**REQUIREMENT**
Restate the entries below word for word, omitting nothing.
[RECORDS SHOWN — start]
lemma suminf_one_minus_sqrt_coeff: "suminf one_minus_sqrt_coeff = 1"
proof -
  define s where "s = suminf one_minus_sqrt_coeff"
  have summable_norm: "summable (\<lambda>k. norm (one_minus_sqrt_coeff k))"
    using summable_one_minus_sqrt_coeff by (simp add: one_minus_sqrt_coeff_nonneg)
  have "s * s = (\<Sum>k. \<Sum>i\<le>k. one_minus_sqrt_coeff i * one_minus_sqrt_coeff (k - i))"
    unfolding s_def by (rule Cauchy_product [OF summable_norm summable_norm])
  also have "\<dots> = (\<Sum>k. 2 * one_minus_sqrt_coeff k - (if k = 1 then 1 else 0))"
    by (simp add: one_minus_sqrt_coeff_convolution)
  also have "\<dots> = 2 * s - 1"
  proof (rule sums_unique [symmetric], rule sums_diff)
    show "(\<lambda>k. 2 * one_minus_sqrt_coeff k) sums (2 * s)"
      unfolding s_def using summable_one_minus_sqrt_coeff by (intro sums_mult summable_sums)
    show "(\<lambda>k::nat. if k = 1 then 1 else 0 :: real) sums 1"
      using sums_single [of 1 "\<lambda>_. 1::real"] by simp
  qed
  finally have "(s - 1)\<^sup>2 = 0" by (simp add: power2_eq_square algebra_simps)
  then show ?thesis unfolding s_def by simp
qed

text \<open>For a positive contraction \<open>A\<close> the series below is \<open>1 - \<surd>(1 - B)\<close> at \<open>B = I - A\<close>, so
  \<open>contraction_sqrt A\<close> is \<open>\<surd>A\<close>.\<close>

definition id_minus :: "('a::ab_group_add \<Rightarrow> 'a) \<Rightarrow> 'a \<Rightarrow> 'a" where
  "id_minus A x = x - A x"

definition sqrt_series_partial :: "('h::complex_inner \<Rightarrow> 'h) \<Rightarrow> nat \<Rightarrow> 'h \<Rightarrow> 'h" where
  "sqrt_series_partial A N x = (\<Sum>n<N. scaleR (one_minus_sqrt_coeff n) ((id_minus A ^^ n) x))"

definition sqrt_series :: "('h::chilbert_space \<Rightarrow> 'h) \<Rightarrow> 'h \<Rightarrow> 'h" where
  "sqrt_series A x = (\<Sum>n. scaleR (one_minus_sqrt_coeff n) ((id_minus A ^^ n) x))"

definition contraction_sqrt :: "('h::chilbert_space \<Rightarrow> 'h) \<Rightarrow> 'h \<Rightarrow> 'h" where
  "contraction_sqrt A x = x - sqrt_series A x"

locale positive_contraction =
  fixes A :: "'h::chilbert_space \<Rightarrow> 'h"
  assumes positive: "positive_op A" and contraction: "\<And>x. norm (A x) \<le> norm x"
begin

abbreviation B :: "'h \<Rightarrow> 'h" where "B \<equiv> id_minus A"

lemma selfadjoint: "selfadjoint A"
  using positive by (rule positive_op_selfadjoint)

lemma bounded_clinear: "bounded_clinear A"
  using selfadjoint by (rule selfadjoint_bounded_clinear)

lemma norm_squared_le_cinner: "(norm (A x))\<^sup>2 \<le> Re (cinner (A x) x)"
proof -
  define n where "n = norm (A x)"
  have "(n\<^sup>2)\<^sup>2 = (cmod (cinner (A x) (A x)))\<^sup>2"
    unfolding n_def by (simp add: cinner_self norm_power flip: of_real_power)
  also have "\<dots> \<le> Re (cinner (A x) x) * Re (cinner (A (A x)) (A x))"
    by (rule positive_op_Cauchy_Schwarz [OF positive])
  also have "\<dots> \<le> Re (cinner (A x) x) * n\<^sup>2"
  proof (rule mult_left_mono)
    have "Re (cinner (A (A x)) (A x)) \<le> norm (A (A x)) * norm (A x)"
      using complex_Re_le_cmod cmod_cinner_le order_trans by blast
    then show "Re (cinner (A (A x)) (A x)) \<le> n\<^sup>2"
      unfolding n_def using contraction mult_right_mono order_trans power2_eq_square
      by (metis norm_ge_zero)
  qed (rule positive_opD [OF positive])
  finally have h: "n\<^sup>2 * n\<^sup>2 \<le> Re (cinner (A x) x) * n\<^sup>2" by (simp only: power2_eq_square)
  show ?thesis
  proof (cases "n = 0")
    case True
    then show ?thesis using positive_opD [OF positive, of x] by (simp add: n_def)
  next
    case False
    then have "0 < n\<^sup>2" by simp
    then show ?thesis using mult_right_le_imp_le [OF h] by (simp add: n_def)
  qed
qed

lemma bounded_clinear_B: "bounded_clinear B"
  unfolding id_minus_def [abs_def] by (rule bounded_clinear_sub [OF bounded_clinear_ident bounded_clinear])

lemma selfadjoint_B: "selfadjoint B"
  unfolding id_minus_def [abs_def] by (rule selfadjoint_diff [OF selfadjoint_ident selfadjoint])

lemma norm_B_le: "norm (B x) \<le> norm x"
proof -
  have "Re (cinner x (A x)) = Re (cinner (A x) x)"
    using arg_cong [OF cinner_commute [of x "A x"], of Re] by simp
  then have "(norm (B x))\<^sup>2 = (norm x)\<^sup>2 - 2 * Re (cinner (A x) x) + (norm (A x))\<^sup>2"
    by (simp add: id_minus_def cinner_diff_left cinner_diff_right flip: cinner_self_Re)
  also have "\<dots> \<le> (norm x)\<^sup>2"
    using norm_squared_le_cinner [of x] positive_opD [OF positive, of x] by simp
  finally show ?thesis by (rule power2_le_imp_le) simp
qed

lemma bounded_clinear_B_pow: "bounded_clinear (B ^^ n)"
  by (induction n) (simp_all add: bounded_clinear_ident id_def comp_def
      bounded_clinear_compose [OF bounded_clinear_B])

lemma cinner_B_pow: "cinner ((B ^^ n) x) y = cinner x ((B ^^ n) y)"
proof (induction n arbitrary: y)
  case (Suc n)
  have "cinner ((B ^^ Suc n) x) y = cinner ((B ^^ n) x) (B y)"
    by (simp add: selfadjointD [OF selfadjoint_B])
  also have "\<dots> = cinner x ((B ^^ Suc n) y)" by (simp add: Suc.IH funpow_swap1)
  finally show ?case .
qed simp

lemma norm_B_pow_le: "norm ((B ^^ n) x) \<le> norm x"
  by (induction n) (auto intro: order_trans [OF norm_B_le])

lemma B_pow_commute:
  assumes "bounded_clinear U" "\<And>x. U (A x) = A (U x)"
  shows "U ((B ^^ n) x) = (B ^^ n) (U x)"
  by (induction n) (simp_all add: id_minus_def clinear_diff [OF assms(1)] assms(2))

lemma norm_sqrt_series_term_le:
  "norm (scaleR (one_minus_sqrt_coeff n) ((B ^^ n) x)) \<le> one_minus_sqrt_coeff n * norm x"
  using norm_B_pow_le [of n x] one_minus_sqrt_coeff_nonneg [of n] by (simp add: mult_left_mono)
[RECORDS SHOWN — finish]
**RESPONSE AREA**
lemma suminf_one_minus_sqrt_coeff: "suminf one_minus_sqrt_coeff = 1"
proof -
  define s where "s = suminf one_minus_sqrt_coeff"
  have summable_norm: "summable (\<lambda>k. norm (one_minus_sqrt_coeff k))"
    using summable_one_minus_sqrt_coeff by (simp add: one_minus_sqrt_coeff_nonneg)
  have "s * s = (\<Sum>k. \<Sum>i\<le>k. one_minus_sqrt_coeff i * one_minus_sqrt_coeff (k - i))"
    unfolding s_def by (rule Cauchy_product [OF summable_norm summable_norm])
  also have "\<dots> = (\<Sum>k. 2 * one_minus_sqrt_coeff k - (if k = 1 then 1 else 0))"
    by (simp add: one_minus_sqrt_coeff_convolution)
  also have "\<dots> = 2 * s - 1"
  proof (rule sums_unique [symmetric], rule sums_diff)
    show "(\<lambda>k. 2 * one_minus_sqrt_coeff k) sums (2 * s)"
      unfolding s_def using summable_one_minus_sqrt_coeff by (intro sums_mult summable_sums)
    show "(\<lambda>k::nat. if k = 1 then 1 else 0 :: real) sums 1"
      using sums_single [of 1 "\<lambda>_. 1::real"] by simp
  qed
  finally have "(s - 1)\<^sup>2 = 0" by (simp add: power2_eq_square algebra_simps)
  then show ?thesis unfolding s_def by simp
qed

text \<open>For a positive contraction \<open>A\<close> the series below is \<open>1 - \<surd>(1 - B)\<close> at \<open>B = I - A\<close>, so
  \<open>contraction_sqrt A\<close> is \<open>\<surd>A\<close>.\<close>

definition id_minus :: "('a::ab_group_add \<Rightarrow> 'a) \<Rightarrow> 'a \<Rightarrow> 'a" where
  "id_minus A x = x - A x"

definition sqrt_series_partial :: "('h::complex_inner \<Rightarrow> 'h) \<Rightarrow> nat \<Rightarrow> 'h \<Rightarrow> 'h" where
  "sqrt_series_partial A N x = (\<Sum>n<N. scaleR (one_minus_sqrt_coeff n) ((id_minus A ^^ n) x))"

definition sqrt_series :: "('h::chilbert_space \<Rightarrow> 'h) \<Rightarrow> 'h \<Rightarrow> 'h" where
  "sqrt_series A x = (\<Sum>n. scaleR (one_minus_sqrt_coeff n) ((id_minus A ^^ n) x))"

definition contraction_sqrt :: "('h::chilbert_space \<Rightarrow> 'h) \<Rightarrow> 'h \<Rightarrow> 'h" where
  "contraction_sqrt A x = x - sqrt_series A x"

locale positive_contraction =
  fixes A :: "'h::chilbert_space \<Rightarrow> 'h"
  assumes positive: "positive_op A" and contraction: "\<And>x. norm (A x) \<le> norm x"
begin

abbreviation B :: "'h \<Rightarrow> 'h" where "B \<equiv> id_minus A"

lemma selfadjoint: "selfadjoint A"
  using positive by (rule positive_op_selfadjoint)

lemma bounded_clinear: "bounded_clinear A"
  using selfadjoint by (rule selfadjoint_bounded_clinear)

lemma norm_squared_le_cinner: "(norm (A x))\<^sup>2 \<le> Re (cinner (A x) x)"
proof -
  define n where "n = norm (A x)"
  have "(n\<^sup>2)\<^sup>2 = (cmod (cinner (A x) (A x)))\<^sup>2"
    unfolding n_def by (simp add: cinner_self norm_power flip: of_real_power)
  also have "\<dots> \<le> Re (cinner (A x) x) * Re (cinner (A (A x)) (A x))"
    by (rule positive_op_Cauchy_Schwarz [OF positive])
  also have "\<dots> \<le> Re (cinner (A x) x) * n\<^sup>2"
  proof (rule mult_left_mono)
    have "Re (cinner (A (A x)) (A x)) \<le> norm (A (A x)) * norm (A x)"
      using complex_Re_le_cmod cmod_cinner_le order_trans by blast
    then show "Re (cinner (A (A x)) (A x)) \<le> n\<^sup>2"
      unfolding n_def using contraction mult_right_mono order_trans power2_eq_square
      by (metis norm_ge_zero)
  qed (rule positive_opD [OF positive])
  finally have h: "n\<^sup>2 * n\<^sup>2 \<le> Re (cinner (A x) x) * n\<^sup>2" by (simp only: power2_eq_square)
  show ?thesis
  proof (cases "n = 0")
    case True
    then show ?thesis using positive_opD [OF positive, of x] by (simp add: n_def)
  next
    case False
    then have "0 < n\<^sup>2" by simp
    then show ?thesis using mult_right_le_imp_le [OF h] by (simp add: n_def)
  qed
qed

lemma bounded_clinear_B: "bounded_clinear B"
  unfolding id_minus_def [abs_def] by (rule bounded_clinear_sub [OF bounded_clinear_ident bounded_clinear])

lemma selfadjoint_B: "selfadjoint B"
  unfolding id_minus_def [abs_def] by (rule selfadjoint_diff [OF selfadjoint_ident selfadjoint])

lemma norm_B_le: "norm (B x) \<le> norm x"
proof -
  have "Re (cinner x (A x)) = Re (cinner (A x) x)"
    using arg_cong [OF cinner_commute [of x "A x"], of Re] by simp
  then have "(norm (B x))\<^sup>2 = (norm x)\<^sup>2 - 2 * Re (cinner (A x) x) + (norm (A x))\<^sup>2"
    by (simp add: id_minus_def cinner_diff_left cinner_diff_right flip: cinner_self_Re)
  also have "\<dots> \<le> (norm x)\<^sup>2"
    using norm_squared_le_cinner [of x] positive_opD [OF positive, of x] by simp
  finally show ?thesis by (rule power2_le_imp_le) simp
qed

lemma bounded_clinear_B_pow: "bounded_clinear (B ^^ n)"
  by (induction n) (simp_all add: bounded_clinear_ident id_def comp_def
      bounded_clinear_compose [OF bounded_clinear_B])

lemma cinner_B_pow: "cinner ((B ^^ n) x) y = cinner x ((B ^^ n) y)"
proof (induction n arbitrary: y)
  case (Suc n)
  have "cinner ((B ^^ Suc n) x) y = cinner ((B ^^ n) x) (B y)"
    by (simp add: selfadjointD [OF selfadjoint_B])
  also have "\<dots> = cinner x ((B ^^ Suc n) y)" by (simp add: Suc.IH funpow_swap1)
  finally show ?case .
qed simp

lemma norm_B_pow_le: "norm ((B ^^ n) x) \<le> norm x"
  by (induction n) (auto intro: order_trans [OF norm_B_le])

lemma B_pow_commute:
  assumes "bounded_clinear U" "\<And>x. U (A x) = A (U x)"
  shows "U ((B ^^ n) x) = (B ^^ n) (U x)"
  by (induction n) (simp_all add: id_minus_def clinear_diff [OF assms(1)] assms(2))

lemma norm_sqrt_series_term_le:
  "norm (scaleR (one_minus_sqrt_coeff n) ((B ^^ n) x)) \<le> one_minus_sqrt_coeff n * norm x"
  using norm_B_pow_le [of n x] one_minus_sqrt_coeff_nonneg [of n] by (simp add: mult_left_mono)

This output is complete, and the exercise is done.